I don’t think most of the examples on my list are cases of actively, consciously transphobic people thinking, “Hey, let’s create something that reinforces what real men should be doing by laughing at men who aren’t doing it.” That’s absurd. Comedians and comedy writers write jokes they think are funny; they don’t (generally) write jokes with the intent to hurt anyone. And many of the cases above, in isolation, aren’t hurtful in themselves.

Indeed, the fact that comedy writers thought that it would be funny to put two men in dresses as a premise for an entire TV show illustrates how deep the problem was. Such things are the symptom of a cultural disease, not the cause.

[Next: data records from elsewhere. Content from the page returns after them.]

lemma Zop_Mn_Pl [simp]: "Zop n k Mn j = 0" "Zop n k Pl j = 0" "Zop n k i Mn = 0" "Zop n k i Pl = 0"
  by (cases i; simp add: Zop_def)+

lemma Kraus_col_Mn: "Kraus N n Gam e w i Mn = 0"
  by (cases e; cases w) (simp_all add: Kraus_apply)

lemma Kraus_col_Pl: "(e, w) \<noteq> (Neg, WP) \<Longrightarrow> Kraus N n Gam e w i Pl = 0"
  by (cases e; cases w) (simp_all add: Kraus_apply)

lemma Kraus_row_Mn: "(e, w) \<noteq> (Neg, WM) \<Longrightarrow> Kraus N n Gam e w Mn j = 0"
  by (cases e; cases w) (simp_all add: Kraus_apply)

lemma Zop_one_row_Bas_2_0: "0 < n 2 \<Longrightarrow> Zop n 1 (Bas 2 0) j = phi n 1 0 j"
  by (cases j) (simp_all add: Zop_def phi_def numeral_2_eq_2)

lemma Heff_Mn:
  "Heff N n gam Mn l = (if l = Mn then - of_real (gam Pos WM) else 0)"
  "Heff N n gam l Mn = (if l = Mn then - of_real (gam Pos WM) else 0)"
  by (cases l; simp add: Heff_def outer_def absZ_def opmult_def adj_def Pk_def ket_def)+

lemma opmult_sandwich_diag:
  "opmult I (opmult I L r) (adj L) x x = sesq_form I r (\<lambda>m. cnj (L x m)) (\<lambda>m. cnj (L x m))"
  unfolding opmult_def adj_def sesq_form_def
  by (subst sum.swap) (simp add: sum_distrib_left sum_distrib_right mult_ac)

lemma Lgen_diag:
  "Lgen N n Gam gam r x x =
     - \<i> * (opmult (Idx N n) (Heff N n gam) r x x - opmult (Idx N n) r (Heff N n gam) x x)
     + (\<Sum>w\<in>Freqs N. \<Sum>e\<in>{Pos, Neg}.
          let L = Kraus N n Gam e w; LL = opmult (Idx N n) (adj L) L in
            sesq_form (Idx N n) r (\<lambda>m. cnj (L x m)) (\<lambda>m. cnj (L x m))
            - 1/2 * (opmult (Idx N n) LL r x x + opmult (Idx N n) r LL x x))"
  by (simp add: Lgen_def Let_def opmult_sandwich_diag)

lemma Lgen_diag_unoccupied:
  assumes "\<And>l. r x l = 0" and "\<And>l. r l x = 0"
  shows "Lgen N n Gam gam r x x =
    (\<Sum>w\<in>Freqs N. \<Sum>e\<in>{Pos, Neg}.
       sesq_form (Idx N n) r (\<lambda>m. cnj (Kraus N n Gam e w x m)) (\<lambda>m. cnj (Kraus N n Gam e w x m)))"
  by (simp add: Lgen_diag Let_def opmult_def assms)

lemma Lgen_diag_Mn:
  assumes "0 \<le> Gam Neg WM"
  shows "Lgen N n Gam gam r Mn Mn
    = of_real (Gam Neg WM) * sesq_form (Idx N n) r (phi n N 0) (phi n N 0)"
proof -
  let ?I = "Idx N n"
  have commutator: "opmult ?I (Heff N n gam) r Mn Mn = opmult ?I r (Heff N n gam) Mn Mn"
    unfolding opmult_def by (subst (1 2) sum_eq_single[of _ Mn]) (simp_all add: finite_Idx Heff_Mn)
  have no_loss: "opmult ?I (opmult ?I (adj (Kraus N n Gam e w)) (Kraus N n Gam e w)) r Mn Mn = 0"
      "opmult ?I r (opmult ?I (adj (Kraus N n Gam e w)) (Kraus N n Gam e w)) Mn Mn = 0" for e w
    by (simp_all add: opmult_def adj_def Kraus_col_Mn)
  have "(\<Sum>w\<in>Freqs N. \<Sum>e\<in>{Pos, Neg}.
          sesq_form ?I r (\<lambda>m. cnj (Kraus N n Gam e w Mn m)) (\<lambda>m. cnj (Kraus N n Gam e w Mn m)))
      = sesq_form ?I r (\<lambda>m. cnj (Kraus N n Gam Neg WM Mn m)) (\<lambda>m. cnj (Kraus N n Gam Neg WM Mn m))"
    by (rule sum_sum_eq_single) (auto simp: finite_Freqs Kraus_row_Mn sesq_form_def)
  also have "\<dots> = of_real (Gam Neg WM) * sesq_form ?I r (phi n N 0) (phi n N 0)"
    using sesq_form_scale[of ?I r "sq (Gam Neg WM)" "phi n N 0"] assms
    by (simp add: Kraus_apply sq_mult_sq)
  finally show ?thesis
    by (simp add: Lgen_diag Let_def commutator no_loss)
qed

lemma Lgen_diag_Bas_2_0:
  assumes "2 \<le> N" "0 < n 2" "0 \<le> Gam Neg (W 1)"
    and rows: "\<And>k b j. k \<noteq> 1 \<Longrightarrow> r (Bas k b) j = 0"
    and cols: "\<And>k b i. k \<noteq> 1 \<Longrightarrow> r i (Bas k b) = 0"
  shows "Lgen N n Gam gam r (Bas 2 0) (Bas 2 0)
    = of_real (Gam Neg (W 1)) * sesq_form (Idx N n) r (phi n 1 0) (phi n 1 0)"
proof -
  let ?I = "Idx N n" and ?S = "{i. \<forall>k b. i = Bas k b \<longrightarrow> k = 1}"
  let ?v = "\<lambda>e w m. cnj (Kraus N n Gam e w (Bas 2 0) m)"
  have supp: "r i j \<noteq> 0 \<Longrightarrow> i \<in> ?S \<and> j \<in> ?S" for i j
    using rows cols by blast
  have no_gain: "sesq_form ?I r (?v e w) (?v e w) = 0" if "(w, e) \<noteq> (W 1, Neg)" for e w
  proof -
    have "?v e w i = 0" if "i \<in> ?S" for i
      using \<open>(w, e) \<noteq> (W 1, Neg)\<close> \<open>i \<in> ?S\<close>
      by (cases e; cases w; cases i) (auto simp: Kraus_apply Zop_def phi_zero_Bas)
    then have "sesq_form ?I r (?v e w) (?v e w) = sesq_form ?I r (\<lambda>_. 0) (\<lambda>_. 0)"
      by (intro sesq_form_cong_support[OF supp]) auto
    then show ?thesis by (simp add: sesq_form_def)
  qed
  have "Lgen N n Gam gam r (Bas 2 0) (Bas 2 0)
      = (\<Sum>w\<in>Freqs N. \<Sum>e\<in>{Pos, Neg}. sesq_form ?I r (?v e w) (?v e w))"
    by (rule Lgen_diag_unoccupied) (simp_all add: rows cols)
  also have "\<dots> = sesq_form ?I r (?v Neg (W 1)) (?v Neg (W 1))"
    by (rule sum_sum_eq_single) (use no_gain \<open>2 \<le> N\<close> in \<open>auto simp: finite_Freqs\<close>)
  also have "\<dots> = of_real (Gam Neg (W 1)) * sesq_form ?I r (phi n 1 0) (phi n 1 0)"
    using sesq_form_scale[of ?I r "sq (Gam Neg (W 1))" "phi n 1 0"] assms(2,3)
    by (simp add: Kraus_apply Zop_one_row_Bas_2_0[simplified] sq_mult_sq)
  finally show ?thesis .
qed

I’ve been told I don’t “get” comedy: I would reverse that challenge. Successful comedy is a direct product of the society that makes it successful. Hurtful jokes that rise to the top do so because of hurts that the society, with a more sober face, wants to inflect. “They didn’t mean to hurt anyone!” No, I’m sure they didn’t. But they leveraged social hurt.

I’m thinking now about South Park’s episode “Board Girls”, in which a man pretends to be a transgender woman in order to have a better chance to win an athletic event. The South Park defender would argue: They are clearly making fun of the bigoted idea. Matt and Trey are not, themselves, being transphobic.

But in bringing this up here, I’m not arguing that they are. Whether the comedy is being transphobic or the comedy is satirizing a transphobic attitude, either way it is only successful because the transphobia exists.

That said, though, and speaking generally (not about South Park specifically): Often it is the case that people leverage “Hey, it’s just a joke!” as a way to sneak in their biases.


I’ve heard fellow transgender people speak of the harm done by thrillers like “Dressed to Kill”, “Psycho”, and “Silence of the Lambs”, where villains are shown wearing women’s clothing. And I agree that those can be harmful, even when the characters are meant to be cisgender men.

But I’m concerned that we downplay the harm done by comedies. Because comedy includes the reinforcement of social values by mocking what society deems worthy of mockery, it communicates that: This is what society deems worthy of mockery.

This is, indeed, why more conservative people resist shifts to comedy. They want to continue to mock. They want that permission.

I am now focused on using exposure to men in dresses to overcome my internalized programming, but with half a century of programming, it’s a tough climb. Part of that climb, for me, is acknowledging the harm that some of my heroes have done to me.